Starting at the first line of the records below, transcribe each line exactly, ending with the line that contains "with probability exp(-t)".

Stored items
* * * * * * *

(* For $i\in\mathbb{N}$ let $\mathrm{pr}_i:\{0,1\}^{\mathbb{N}}\to\mathbb{R}$, $x\mapsto x_i$. For all $t\ge0$ and $f\in L^2$, \[ P_t\nabla_if=e^{-t}(p-\mathrm{pr}_i)\,P_t\Big(\frac{\nabla_if}{p-\mathrm{pr}_i}\Big). \] Consequently, $I_i(P_tf)=\mathbb{E}[|\nabla_iP_tf|]$ satisfies \[ I_i(P_tf)\le 2e^{-t}\max(p,1-p)\,I_i(f). \]
   Context: Fix $p\in(0,1)$, $\mathbb{N}=\{0,1,2,\dots\}$, $X=(X_i)_{i\in\mathbb{N}}$ i.i.d. Bernoulli($p$); $L^2$ is the set of $f:\{0,1\}^{\mathbb{N}}\to\mathbb{R}$ with $\mathbb{E}[f(X)^2]<\infty$. The bit-resampling process $(X^t)_{t\ge0}$ resamples each coordinate independently as a fresh Bernoulli($p$) at the rings of its own rate-$1$ Poisson clock; $P_tf(x)=\mathbb{E}[f(X^t)\mid X^0=x]$. $\sigma_i^\xi(x)$ is $x$ with coordinate $i$ set to $\xi$; $\nabla_if(x)=\mathbb{E}^\xi[f(\sigma_i^\xi(x))]-f(x)$ with $\xi\sim$ Bernoulli($p$). The influence is $I_i(f)=\mathbb{E}[|\nabla_if(X)|]$, which equals $\mathbb{E}\big[|\mathbb{E}[f(X)\mid(X_j)_{j\ne i}]-f(X)|\big]$. *)

theory Defs
  imports "HOL-Probability.Probability"
begin

text \<open>Configurations in the hypercube {0,1}^N are functions nat => bool (True = 1).
  The base measure is the law of X = (X_i) i.i.d. Bernoulli(p).\<close>

definition bern_prod :: "real \<Rightarrow> (nat \<Rightarrow> bool) measure" where
  "bern_prod p = PiM UNIV (\<lambda>_. measure_pmf (bernoulli_pmf p))"

definition L2 :: "real \<Rightarrow> ((nat \<Rightarrow> bool) \<Rightarrow> real) set" where
  "L2 p = {f. f \<in> borel_measurable (bern_prod p) \<and> integrable (bern_prod p) (\<lambda>x. (f x)\<^sup>2)}"

definition pr :: "nat \<Rightarrow> (nat \<Rightarrow> bool) \<Rightarrow> real" where
  "pr i x = (if x i then 1 else 0)"

text \<open>Law at time t of one coordinate of the bit-resampling process started at b:
  with probability exp(-t) the rate-1 Poisson clock has not rung in [0,t] and the bit
  is still b; otherwise the bit equals the (fresh Bernoulli(p)) value of the last resampling.\<close>
definition coord_kernel :: "real \<Rightarrow> real \<Rightarrow> bool \<Rightarrow> bool pmf" where
  "coord_kernel p t b =
     bind_pmf (bernoulli_pmf (exp (- t))) (\<lambda>no_ring. if no_ring then return_pmf b else bernoulli_pmf p)"

definition resample_kernel :: "real \<Rightarrow> real \<Rightarrow> (nat \<Rightarrow> bool) \<Rightarrow> (nat \<Rightarrow> bool) measure" where
  "resample_kernel p t x = PiM UNIV (\<lambda>j. measure_pmf (coord_kernel p t (x j)))"

definition Pt :: "real \<Rightarrow> real \<Rightarrow> ((nat \<Rightarrow> bool) \<Rightarrow> real) \<Rightarrow> (nat \<Rightarrow> bool) \<Rightarrow> real" where
  "Pt p t f x = (\<integral>y. f y \<partial>resample_kernel p t x)"

definition nabla :: "real \<Rightarrow> nat \<Rightarrow> ((nat \<Rightarrow> bool) \<Rightarrow> real) \<Rightarrow> (nat \<Rightarrow> bool) \<Rightarrow> real" where
  "nabla p i f x = (\<integral>\<xi>. f (x(i := \<xi>)) \<partial>measure_pmf (bernoulli_pmf p)) - f x"

definition influence :: "real \<Rightarrow> nat \<Rightarrow> ((nat \<Rightarrow> bool) \<Rightarrow> real) \<Rightarrow> real" where
  "influence p i f = (\<integral>x. \<bar>nabla p i f x\<bar> \<partial>bern_prod p)"

end

theory Submission
  imports Defs
begin

(*
  Write d_i f x = f (x with x_i = 1) - f (x with x_i = 0) (coord_diff below), so that
  nabla_i f = (p - pr_i) d_i f and d_i f does not depend on x_i. Under the dynamics coordinate i moves independently of the
  others, and from x_i = c its law at time t is e^-t delta_c + (1 - e^-t) Bernoulli(p). The
  Bernoulli part has mean p, so averaging p - xi against this law gives e^-t (p - c). This yields
  P_t ((p - pr_i) g) = e^-t (p - pr_i) P_t g for every g not depending on x_i (the identity, with
  g = d_i f), and in the same way nabla_i P_t f = e^-t (p - pr_i) P_t d_i f.
  Since E |(p - X_i) h(X)| = 2p(1-p) E |h(X)| for h not depending on x_i, Jensen's inequality and
  the invariance of the product Bernoulli measure under P_t give
  I_i(P_t f) = e^-t 2p(1-p) E |P_t d_i f| <= e^-t 2p(1-p) E |d_i f| = e^-t I_i(f),
  which is the claimed bound with 1 in place of 2 max(p, 1-p) >= 1.
*)

section \<open>Products of probability mass functions\<close>

definition PiM_pmf :: "('i \<Rightarrow> 'a pmf) \<Rightarrow> ('i \<Rightarrow> 'a) measure" where
  "PiM_pmf Q = PiM UNIV (\<lambda>j. measure_pmf (Q j))"

definition PiM_pmf_except :: "'i \<Rightarrow> ('i \<Rightarrow> 'a pmf) \<Rightarrow> ('i \<Rightarrow> 'a) measure" where
  "PiM_pmf_except i Q = PiM (UNIV - {i}) (\<lambda>j. measure_pmf (Q j))"

lemma space_PiM_pmf [simp]: "space (PiM_pmf Q) = UNIV"
  by (simp add: PiM_pmf_def space_PiM)

lemma sets_PiM_pmf_cong: "sets (PiM_pmf Q) = sets (PiM_pmf Q')"
  unfolding PiM_pmf_def by (rule sets_PiM_cong) auto

lemma prob_space_PiM_pmf: "prob_space (PiM_pmf Q)"
  unfolding PiM_pmf_def by (rule prob_space_PiM) (simp add: prob_space_measure_pmf)

lemma emeasure_PiM_pmf_UNIV [simp]: "emeasure (PiM_pmf Q) UNIV = 1"
  using prob_space.emeasure_space_1[OF prob_space_PiM_pmf] by simp

lemma prob_space_PiM_pmf_except: "prob_space (PiM_pmf_except i Q)"
  unfolding PiM_pmf_except_def by (rule prob_space_PiM) (simp add: prob_space_measure_pmf)

lemma PiM_pmf_except_cong: "(\<And>j. j \<noteq> i \<Longrightarrow> Q j = Q' j) \<Longrightarrow> PiM_pmf_except i Q = PiM_pmf_except i Q'"
  unfolding PiM_pmf_except_def by (rule PiM_cong) auto

lemma measurable_component_PiM_pmf [measurable]: "(\<lambda>x. F (x j)) \<in> borel_measurable (PiM_pmf Q)"
proof -
  have "(\<lambda>x. x j) \<in> measurable (PiM_pmf Q) (measure_pmf (Q j))"
    unfolding PiM_pmf_def by (rule measurable_component_singleton) simp
  then show ?thesis by (rule measurable_compose) simp
qed

lemma measurable_fun_upd_pair_PiM_pmf:
  "(\<lambda>(b, X). X(i := b)) \<in> measurable (measure_pmf A \<Otimes>\<^sub>M PiM_pmf_except i Q) (PiM_pmf Q')"
  unfolding PiM_pmf_def PiM_pmf_except_def
proof (rule measurable_PiM_single')
  fix j
  let ?R = "PiM (UNIV - {i}) (\<lambda>j. measure_pmf (Q j))"
  have "(\<lambda>X. X j) \<in> measurable ?R (measure_pmf (Q' j))" if "j \<noteq> i"
    using measurable_component_singleton[of j "UNIV - {i}" "\<lambda>j. measure_pmf (Q j)"] that
    by (simp add: measurable_def)
  then show "(\<lambda>z. (case z of (b, X) \<Rightarrow> X(i := b)) j)
      \<in> measurable (measure_pmf A \<Otimes>\<^sub>M ?R) (measure_pmf (Q' j))"
    by (cases "j = i") (simp_all add: case_prod_beta')
qed (auto simp: space_PiM space_pair_measure)

lemma measurable_fun_upd_PiM_pmf_except:
  "(\<lambda>X. X(i := b)) \<in> measurable (PiM_pmf_except i Q) (PiM_pmf Q')"
  using measurable_compose[OF measurable_Pair1'[of b "measure_pmf (Q i)"]
      measurable_fun_upd_pair_PiM_pmf]
  by simp

lemma measurable_fun_upd_PiM_pmf:
  "(\<lambda>X. X(i := b)) \<in> measurable (PiM_pmf Q) (PiM_pmf Q')"
  unfolding PiM_pmf_def
  by (rule measurable_PiM_single') (auto simp: space_PiM)

lemma PiM_pmf_split:
  "PiM_pmf Q = distr (measure_pmf (Q i) \<Otimes>\<^sub>M PiM_pmf_except i Q) (PiM_pmf Q) (\<lambda>(b, X). X(i := b))"
proof -
  have "insert i (UNIV - {i}) = UNIV" by auto
  then show ?thesis
    using distr_pair_PiM_eq_PiM[of "UNIV - {i}" "\<lambda>j. measure_pmf (Q j)" i]
    unfolding PiM_pmf_def PiM_pmf_except_def by (simp add: prob_space_measure_pmf)
qed

lemma pair_sigma_finite_pmf_PiM_pmf_except:
  "pair_sigma_finite (measure_pmf A) (PiM_pmf_except i Q)"
  by (intro pair_sigma_finite.intro prob_space_imp_sigma_finite prob_space_PiM_pmf_except
      prob_space_measure_pmf)

lemma nn_integral_PiM_pmf_split:
  assumes h[measurable]: "h \<in> borel_measurable (PiM_pmf Q)"
  shows "(\<integral>\<^sup>+y. h y \<partial>PiM_pmf Q) = (\<integral>\<^sup>+b. \<integral>\<^sup>+X. h (X(i := b)) \<partial>PiM_pmf_except i Q \<partial>Q i)"
proof -
  interpret R: prob_space "PiM_pmf_except i Q" by (rule prob_space_PiM_pmf_except)
  have "(\<integral>\<^sup>+y. h y \<partial>PiM_pmf Q)
      = (\<integral>\<^sup>+z. h ((\<lambda>(b, X). X(i := b)) z) \<partial>(measure_pmf (Q i) \<Otimes>\<^sub>M PiM_pmf_except i Q))"
    by (subst PiM_pmf_split[of Q i], rule nn_integral_distr[OF measurable_fun_upd_pair_PiM_pmf])
      simp
  also have "\<dots> = (\<integral>\<^sup>+b. \<integral>\<^sup>+X. h (X(i := b)) \<partial>PiM_pmf_except i Q \<partial>Q i)"
    by (subst R.nn_integral_fst[symmetric])
      (auto intro: measurable_compose[OF measurable_fun_upd_pair_PiM_pmf h])
  finally show ?thesis .
qed

lemma integrable_PiM_pmf_split_iff:
  fixes g :: "('i \<Rightarrow> 'a) \<Rightarrow> real"
  assumes "g \<in> borel_measurable (PiM_pmf Q)"
  shows "integrable (PiM_pmf Q) g \<longleftrightarrow>
     integrable (measure_pmf (Q i) \<Otimes>\<^sub>M PiM_pmf_except i Q) (\<lambda>(b, X). g (X(i := b)))"
  by (subst PiM_pmf_split[of Q i],
      subst integrable_distr_eq[OF measurable_fun_upd_pair_PiM_pmf assms])
    (simp add: case_prod_beta')

lemma integrable_PiM_pmf_slice:
  fixes g :: "('i \<Rightarrow> 'a) \<Rightarrow> real"
  assumes g: "integrable (PiM_pmf Q) g" and b: "b \<in> set_pmf (Q i)"
  shows "integrable (PiM_pmf_except i Q) (\<lambda>X. g (X(i := b)))"
proof -
  interpret pair_sigma_finite "measure_pmf (Q i)" "PiM_pmf_except i Q"
    by (rule pair_sigma_finite_pmf_PiM_pmf_except)
  have "integrable (measure_pmf (Q i) \<Otimes>\<^sub>M PiM_pmf_except i Q) (\<lambda>(b, X). g (X(i := b)))"
    using g integrable_PiM_pmf_split_iff[OF borel_measurable_integrable[OF g]] by simp
  from AE_integrable_fst'[OF this] b show ?thesis
    by (simp add: AE_measure_pmf_iff)
qed

lemma
  fixes g :: "('i \<Rightarrow> 'a::finite) \<Rightarrow> real"
  assumes g[measurable]: "g \<in> borel_measurable (PiM_pmf Q)"
    and slices: "\<And>b. integrable (PiM_pmf_except i Q) (\<lambda>X. g (X(i := b)))"
  shows integrable_PiM_pmf_slices: "integrable (PiM_pmf Q) g"
    and integral_PiM_pmf_slices:
      "integral\<^sup>L (PiM_pmf Q) g = (\<Sum>b\<in>UNIV. pmf (Q i) b * (\<integral>X. g (X(i := b)) \<partial>PiM_pmf_except i Q))"
proof -
  interpret pair_sigma_finite "measure_pmf (Q i)" "PiM_pmf_except i Q"
    by (rule pair_sigma_finite_pmf_PiM_pmf_except)
  have gm: "(\<lambda>(b, X). g (X(i := b))) \<in> borel_measurable (measure_pmf (Q i) \<Otimes>\<^sub>M PiM_pmf_except i Q)"
    using measurable_compose[OF measurable_fun_upd_pair_PiM_pmf g] by (simp add: case_prod_beta')
  have pint: "integrable (measure_pmf (Q i) \<Otimes>\<^sub>M PiM_pmf_except i Q) (\<lambda>(b, X). g (X(i := b)))"
    by (rule Fubini_integrable[OF gm])
      (auto intro!: integrable_measure_pmf_finite slices simp: AE_measure_pmf_iff)
  then show "integrable (PiM_pmf Q) g"
    using integrable_PiM_pmf_split_iff[OF g] by blast
  have "integral\<^sup>L (PiM_pmf Q) g
      = (\<integral>z. g ((\<lambda>(b, X). X(i := b)) z) \<partial>(measure_pmf (Q i) \<Otimes>\<^sub>M PiM_pmf_except i Q))"
    by (subst PiM_pmf_split[of Q i], rule integral_distr[OF measurable_fun_upd_pair_PiM_pmf g])
  also have "\<dots> = (\<integral>b. (\<integral>X. g (X(i := b)) \<partial>PiM_pmf_except i Q) \<partial>Q i)"
    using integral_fst'[OF pint] by (simp add: case_prod_beta')
  also have "\<dots> = (\<Sum>b\<in>UNIV. pmf (Q i) b * (\<integral>X. g (X(i := b)) \<partial>PiM_pmf_except i Q))"
    by (subst integral_measure_pmf[of UNIV]) (auto simp: mult.commute)
  finally show "integral\<^sup>L (PiM_pmf Q) g
      = (\<Sum>b\<in>UNIV. pmf (Q i) b * (\<integral>X. g (X(i := b)) \<partial>PiM_pmf_except i Q))" .
qed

* * * * * * *

Reply to the task:
(* For $i\in\mathbb{N}$ let $\mathrm{pr}_i:\{0,1\}^{\mathbb{N}}\to\mathbb{R}$, $x\mapsto x_i$. For all $t\ge0$ and $f\in L^2$, \[ P_t\nabla_if=e^{-t}(p-\mathrm{pr}_i)\,P_t\Big(\frac{\nabla_if}{p-\mathrm{pr}_i}\Big). \] Consequently, $I_i(P_tf)=\mathbb{E}[|\nabla_iP_tf|]$ satisfies \[ I_i(P_tf)\le 2e^{-t}\max(p,1-p)\,I_i(f). \]
   Context: Fix $p\in(0,1)$, $\mathbb{N}=\{0,1,2,\dots\}$, $X=(X_i)_{i\in\mathbb{N}}$ i.i.d. Bernoulli($p$); $L^2$ is the set of $f:\{0,1\}^{\mathbb{N}}\to\mathbb{R}$ with $\mathbb{E}[f(X)^2]<\infty$. The bit-resampling process $(X^t)_{t\ge0}$ resamples each coordinate independently as a fresh Bernoulli($p$) at the rings of its own rate-$1$ Poisson clock; $P_tf(x)=\mathbb{E}[f(X^t)\mid X^0=x]$. $\sigma_i^\xi(x)$ is $x$ with coordinate $i$ set to $\xi$; $\nabla_if(x)=\mathbb{E}^\xi[f(\sigma_i^\xi(x))]-f(x)$ with $\xi\sim$ Bernoulli($p$). The influence is $I_i(f)=\mathbb{E}[|\nabla_if(X)|]$, which equals $\mathbb{E}\big[|\mathbb{E}[f(X)\mid(X_j)_{j\ne i}]-f(X)|\big]$. *)

theory Defs
  imports "HOL-Probability.Probability"
begin

text \<open>Configurations in the hypercube {0,1}^N are functions nat => bool (True = 1).
  The base measure is the law of X = (X_i) i.i.d. Bernoulli(p).\<close>

definition bern_prod :: "real \<Rightarrow> (nat \<Rightarrow> bool) measure" where
  "bern_prod p = PiM UNIV (\<lambda>_. measure_pmf (bernoulli_pmf p))"

definition L2 :: "real \<Rightarrow> ((nat \<Rightarrow> bool) \<Rightarrow> real) set" where
  "L2 p = {f. f \<in> borel_measurable (bern_prod p) \<and> integrable (bern_prod p) (\<lambda>x. (f x)\<^sup>2)}"

definition pr :: "nat \<Rightarrow> (nat \<Rightarrow> bool) \<Rightarrow> real" where
  "pr i x = (if x i then 1 else 0)"

text \<open>Law at time t of one coordinate of the bit-resampling process started at b:
  with probability exp(-t) the rate-1 Poisson clock has not rung in [0,t] and the bit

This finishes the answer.